If 6.3.4 the candidate word is not present in dictionary, the candidate word, repeat step 6.3.3 are removed from dictionary.
Between editing distance refers to two character strings, as the edit operation number needed for one changes into another, edit operation Replace, insert and delete including character;Normalized edit distance is the length of editing distance divided by most long character string, specifically:
Two character strings s1, s2 are defined, their length is respectively len1, len2, and dp [i] [j] represents character string s1 [0..i] and s2 [0..j] smallest edit distance, wherein for character string s, s [0..i] is represented with 0 as starting subscript, length It is as follows for i character string s substring, detailed process:
A. dp [i] [j] is initialized, if i=0, dp [i] [j]=j;If j=0, dp [i] [j]=i;
B. state transition equation, for i > 0 and j > 0:
C. for i=1 → len1, j=1 → len2, dp [i] [j] is calculated;
D. character string s1 and s2 smallest edit distances are dp [len1] [len2];
E. normalized edit distance is
The 6.4 measurement Value Types based on lab work information database judge to identify with measured value;Entangled completing test item After mistake, for each test item, type (text, the numeral of the project survey value can be obtained from lab work database Deng), for different types of measured value, it is identified using the configuration of corresponding Tesseract engines, is finally identified respectively As a result.

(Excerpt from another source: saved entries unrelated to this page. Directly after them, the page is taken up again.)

fun continuant :: "(nat \<Rightarrow> 'a::comm_ring_1) \<Rightarrow> (nat \<Rightarrow> 'a) \<Rightarrow> (nat \<Rightarrow> 'a) \<Rightarrow> nat \<Rightarrow> 'a" where
  "continuant d u l 0 = 1"
| "continuant d u l (Suc 0) = d 0"
| "continuant d u l (Suc (Suc n)) =
     d (Suc n) * continuant d u l (Suc n) - u n * l n * continuant d u l n"

lemma laplace_expansion_row_sparse:
  assumes A: "(A :: 'a :: comm_ring_1 mat) \<in> carrier_mat n n" and i: "i < n"
    and S: "S \<subseteq> {..<n}" and zero: "\<And>j. j < n \<Longrightarrow> j \<notin> S \<Longrightarrow> A $$ (i,j) = 0"
  shows "det A = (\<Sum>j\<in>S. A $$ (i,j) * cofactor A i j)"
proof -
  have "det A = (\<Sum>j<n. A $$ (i,j) * cofactor A i j)" by (rule laplace_expansion_row[OF A i])
  also have "\<dots> = (\<Sum>j\<in>S. A $$ (i,j) * cofactor A i j)"
    by (rule sum.mono_neutral_right) (use S zero in auto)
  finally show ?thesis .
qed

lemma laplace_expansion_column_sparse:
  assumes A: "(A :: 'a :: comm_ring_1 mat) \<in> carrier_mat n n" and j: "j < n"
    and S: "S \<subseteq> {..<n}" and zero: "\<And>i. i < n \<Longrightarrow> i \<notin> S \<Longrightarrow> A $$ (i,j) = 0"
  shows "det A = (\<Sum>i\<in>S. A $$ (i,j) * cofactor A i j)"
proof -
  have "det A = (\<Sum>i<n. A $$ (i,j) * cofactor A i j)" by (rule laplace_expansion_column[OF A j])
  also have "\<dots> = (\<Sum>i\<in>S. A $$ (i,j) * cofactor A i j)"
    by (rule sum.mono_neutral_right) (use S zero in auto)
  finally show ?thesis .
qed

lemma det_tridiag_mat: "det (tridiag_mat n d u l) = continuant d u l n"
proof (induction d u l n rule: continuant.induct)
  case (1 d u l)
  then show ?case by (simp add: tridiag_mat_def)
next
  case (2 d u l)
  then show ?case by (subst det_single) (auto simp: tridiag_mat_def)
next
  case (3 d u l m)
  let ?T = "tridiag_mat (Suc (Suc m)) d u l"
  define N where "N = mat_delete ?T (Suc m) m"
  have N_carrier: "N \<in> carrier_mat (Suc m) (Suc m)"
    by (simp add: N_def tridiag_mat_def mat_delete_def)
  have minor_N: "mat_delete N m m = tridiag_mat m d u l"
    by (rule eq_matI) (auto simp: N_def tridiag_mat_def mat_delete_def)
  have "det N = N $$ (m, m) * cofactor N m m"
    by (subst laplace_expansion_column_sparse[OF N_carrier, of m "{m}"])
      (auto simp: N_def tridiag_mat_def mat_delete_def)
  also have "\<dots> = u m * continuant d u l m"
    by (simp add: cofactor_def minor_N "3.IH"(2)) (simp add: N_def tridiag_mat_def mat_delete_def)
  finally have det_N: "det N = u m * continuant d u l m" .
  have minor_T: "mat_delete ?T (Suc m) (Suc m) = tridiag_mat (Suc m) d u l"
    by (rule eq_matI) (auto simp: tridiag_mat_def mat_delete_def)
  have "det ?T = ?T $$ (Suc m, m) * cofactor ?T (Suc m) m
      + ?T $$ (Suc m, Suc m) * cofactor ?T (Suc m) (Suc m)"
    by (subst laplace_expansion_row_sparse[of _ "Suc (Suc m)" "Suc m" "{m, Suc m}"])
      (auto simp: tridiag_mat_def)
  also have "\<dots> = l m * - det N + d (Suc m) * continuant d u l (Suc m)"
    by (simp add: cofactor_def minor_T "3.IH"(1) N_def[symmetric]) (simp add: tridiag_mat_def)
  finally show ?case by (simp add: det_N)
qed

lemma det_cyclic_tridiag_mat_delete_last_row_subdiag:
  fixes m :: nat and d u l :: "nat \<Rightarrow> 'a::comm_ring_1" and \<beta> \<gamma> :: 'a
  defines "N \<equiv> mat_delete (cyclic_tridiag_mat (Suc (Suc (Suc m))) d u l \<beta> \<gamma>) (Suc (Suc m)) (Suc m)"
  shows "det N = \<gamma> * (-1)^(Suc m) * (\<Prod>r<Suc m. l r) + u (Suc m) * continuant d u l (Suc m)"
proof -
  have N_carrier: "N \<in> carrier_mat (Suc (Suc m)) (Suc (Suc m))"
    by (simp add: N_def cyclic_tridiag_mat_def mat_delete_def)
  \<comment> \<open>Removing the row and column of \<gamma> from N leaves an upper triangular matrix
    with diagonal l 0, ..., l m.\<close>
  have "det (mat_delete N 0 (Suc m)) = prod_list (diag_mat (mat_delete N 0 (Suc m)))"
    by (rule det_upper_triangular[of _ "Suc m"])
      (auto simp: upper_triangular_def N_def cyclic_tridiag_mat_def mat_delete_def)
  also have "\<dots> = (\<Prod>r<Suc m. l r)"
    by (subst prod_list_diag_prod)
      (auto simp: N_def cyclic_tridiag_mat_def mat_delete_def atLeast0LessThan)
  finally have minor_corner: "det (mat_delete N 0 (Suc m)) = (\<Prod>r<Suc m. l r)" .
  have minor_diag: "mat_delete N (Suc m) (Suc m) = tridiag_mat (Suc m) d u l"
    by (rule eq_matI) (auto simp: N_def tridiag_mat_def cyclic_tridiag_mat_def mat_delete_def)
  show ?thesis
    by (subst laplace_expansion_column_sparse[OF N_carrier, of "Suc m" "{0, Suc m}"])
      (auto simp: cofactor_def minor_corner minor_diag det_tridiag_mat,
       auto simp: N_def cyclic_tridiag_mat_def mat_delete_def)
qed

lemma det_cyclic_tridiag_mat_delete_last_row_corner:
  fixes m :: nat and d u l :: "nat \<Rightarrow> 'a::comm_ring_1" and \<beta> \<gamma> :: 'a
  defines "N \<equiv> mat_delete (cyclic_tridiag_mat (Suc (Suc (Suc m))) d u l \<beta> \<gamma>) (Suc (Suc m)) 0"
  shows "det N = u 0 * (\<Prod>r<Suc m. u (Suc r))
    + \<gamma> * (-1)^(Suc m) * continuant (\<lambda>i. d (Suc i)) (\<lambda>i. u (Suc i)) (\<lambda>i. l (Suc i)) (Suc m)"
proof -
  have N_carrier: "N \<in> carrier_mat (Suc (Suc m)) (Suc (Suc m))"
    by (simp add: N_def cyclic_tridiag_mat_def mat_delete_def)
  \<comment> \<open>Removing the row and column of u 0 from N leaves a lower triangular matrix with
    diagonal u 1, ..., u (m+1).\<close>
  have "det (mat_delete N 0 0) = prod_list (diag_mat (mat_delete N 0 0))"
    by (rule det_lower_triangular[of "Suc m"])
      (auto simp: N_def cyclic_tridiag_mat_def mat_delete_def)
  also have "\<dots> = (\<Prod>r<Suc m. u (Suc r))"
    by (subst prod_list_diag_prod)
      (auto simp: N_def cyclic_tridiag_mat_def mat_delete_def atLeast0LessThan)
  finally have minor_diag: "det (mat_delete N 0 0) = (\<Prod>r<Suc m. u (Suc r))" .
  have minor_corner: "mat_delete N 0 (Suc m)
      = tridiag_mat (Suc m) (\<lambda>i. d (Suc i)) (\<lambda>i. u (Suc i)) (\<lambda>i. l (Suc i))"
    by (rule eq_matI) (auto simp: N_def tridiag_mat_def cyclic_tridiag_mat_def mat_delete_def)
  show ?thesis
    by (subst laplace_expansion_row_sparse[OF N_carrier, of 0 "{0, Suc m}"])
      (auto simp: cofactor_def minor_diag minor_corner det_tridiag_mat,
       auto simp: N_def cyclic_tridiag_mat_def mat_delete_def)
qed

lemma det_cyclic_tridiag_mat_Suc_Suc_Suc:
  fixes m :: nat and d u l :: "nat \<Rightarrow> 'a::comm_ring_1"
  defines "n \<equiv> Suc (Suc (Suc m))"
  shows "det (cyclic_tridiag_mat n d u l \<beta> \<gamma>) = continuant d u l n
    - \<beta> * \<gamma> * continuant (\<lambda>i. d (Suc i)) (\<lambda>i. u (Suc i)) (\<lambda>i. l (Suc i)) (Suc m)
    + (-1)^m * (\<gamma> * (\<Prod>r<Suc (Suc m). l r) + \<beta> * (\<Prod>r<Suc (Suc m). u r))"
proof -
  let ?M = "cyclic_tridiag_mat n d u l \<beta> \<gamma>"
  have minor_diag: "mat_delete ?M (Suc (Suc m)) (Suc (Suc m)) = tridiag_mat (Suc (Suc m)) d u l"
    by (rule eq_matI) (auto simp: n_def tridiag_mat_def cyclic_tridiag_mat_def mat_delete_def)
  have "det ?M = \<beta> * cofactor ?M (Suc (Suc m)) 0
      + l (Suc m) * cofactor ?M (Suc (Suc m)) (Suc m)
      + d (Suc (Suc m)) * cofactor ?M (Suc (Suc m)) (Suc (Suc m))"
    by (subst laplace_expansion_row_sparse[of _ n "Suc (Suc m)" "{0, Suc m, Suc (Suc m)}"])
      (auto simp: n_def cyclic_tridiag_mat_def)
  also have "\<dots> = \<beta> * (-1)^m * det (mat_delete ?M (Suc (Suc m)) 0)
      - l (Suc m) * det (mat_delete ?M (Suc (Suc m)) (Suc m))
      + d (Suc (Suc m)) * continuant d u l (Suc (Suc m))"
    by (simp add: cofactor_def minor_diag det_tridiag_mat)
  also have "\<dots> = continuant d u l n
      - \<beta> * \<gamma> * continuant (\<lambda>i. d (Suc i)) (\<lambda>i. u (Suc i)) (\<lambda>i. l (Suc i)) (Suc m)
      + (-1)^m * (\<gamma> * (\<Prod>r<Suc (Suc m). l r) + \<beta> * (\<Prod>r<Suc (Suc m). u r))"
    unfolding n_def det_cyclic_tridiag_mat_delete_last_row_subdiag
      det_cyclic_tridiag_mat_delete_last_row_corner
      prod.lessThan_Suc_shift[of u]
    by (simp add: algebra_simps)
  finally show ?thesis .
qed

lemma det_cyclic_tridiag_mat:
  fixes d u l :: "nat \<Rightarrow> 'a::comm_ring_1"
  assumes "n \<ge> 1"
  shows "det (cyclic_tridiag_mat n d u l \<beta> \<gamma>) = continuant d u l n
    - \<beta> * \<gamma> * (if n = 1 then 0 else continuant (\<lambda>i. d (Suc i)) (\<lambda>i. u (Suc i)) (\<lambda>i. l (Suc i)) (n - 2))
    + (-1)^(n+1) * (\<gamma> * (\<Prod>r<n-1. l r) + \<beta> * (\<Prod>r<n-1. u r))"
proof -
  consider "n = 1" | "n = 2" | m where "n = Suc (Suc (Suc m))"
    using assms by atomize_elim presburger
  then show ?thesis
  proof cases
    case 1
    then show ?thesis by (subst det_single) (auto simp: cyclic_tridiag_mat_def)
  next
    case 2
    let ?M = "cyclic_tridiag_mat 2 d u l \<beta> \<gamma>"
    have "det ?M = ?M $$ (1, 0) * cofactor ?M 1 0 + ?M $$ (1, 1) * cofactor ?M 1 1"
      by (subst laplace_expansion_row_sparse[of _ 2 1 "{0, 1}"]) (auto simp: cyclic_tridiag_mat_def)
    also have "cofactor ?M 1 0 = - (u 0 + \<gamma>)"
      unfolding cofactor_def by (subst det_single) (auto simp: mat_delete_def cyclic_tridiag_mat_def)
    also have "cofactor ?M 1 1 = d 0"
      unfolding cofactor_def by (subst det_single) (auto simp: mat_delete_def cyclic_tridiag_mat_def)
    finally show ?thesis
      using 2 by (simp add: cyclic_tridiag_mat_def numeral_2_eq_2 algebra_simps)
  next
    case 3
    then show ?thesis using det_cyclic_tridiag_mat_Suc_Suc_Suc[of m d u l \<beta> \<gamma>] by simp
  qed
qed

The above-mentioned description to embodiment is understood that for ease of those skilled in the art and using the present invention. Person skilled in the art obviously can easily make various modifications to above-described embodiment, and described herein general Principle is applied in other embodiment without by performing creative labour.Therefore, the invention is not restricted to above-described embodiment, ability For field technique personnel according to the announcement of the present invention, the improvement made for the present invention and modification all should be in protection scope of the present invention Within.

Claims (7)

1. a kind of laboratory test report recognition methods based on image procossing, comprises the following steps:
(1) limb recognition is carried out to the laboratory test report photo of mobile phone shooting, obtains the quadrangular configuration of laboratory test report;
(2) cutting correction is carried out to laboratory test report photo by perspective transform based on quadrangular configuration, obtains chemically examining single image;
(3) Slant Rectify is carried out to chemical examination single image based on probability Hough transformation;
(4) cut-off rule in single image is chemically examined after extraction correction, and upper, middle and lower three is divided into by single image is chemically examined according to cut-off rule Block region, patient information, lab work information, doctor and verification msu message are corresponded to respectively;
(5) further split to chemically examining the lab work information area in single image after correction according to line information, and to segmentation Chemical examination single image afterwards carries out binary conversion treatment;
(6) the LSTM models increased income in OCR engine Tesseract the binary image after segmentation is carried out Classification and Identification and Intelligent correction.
2. laboratory test report recognition methods according to claim 1, it is characterised in that:To chemically examining single image in the step (1) The detailed process for carrying out limb recognition is as follows:
1.1 pairs of laboratory test report photos carry out resampling and obtain its thumbnail;
1.2 pairs of thumbnails pre-process, successively the rapid edge-detection including expansion process, based on structuring forest, corrosion Processing and binary conversion treatment, so as to obtain marginal information image;
1.3 use Hough transformation to carry out straight-line detection to edge frame, while introducing is based on local maximum and adaptively Threshold value carries out straight line similar in straight line screening and merging;
1.4 calculate intersection point between straight line using vector methods, by travel through intersection point four-tuple find it is all surrounded by straight line four Side shape, take the quadrangular configuration of four edges weight and maximum quadrangle as laboratory test report;The weight is on the straight line of side place The quantity of point.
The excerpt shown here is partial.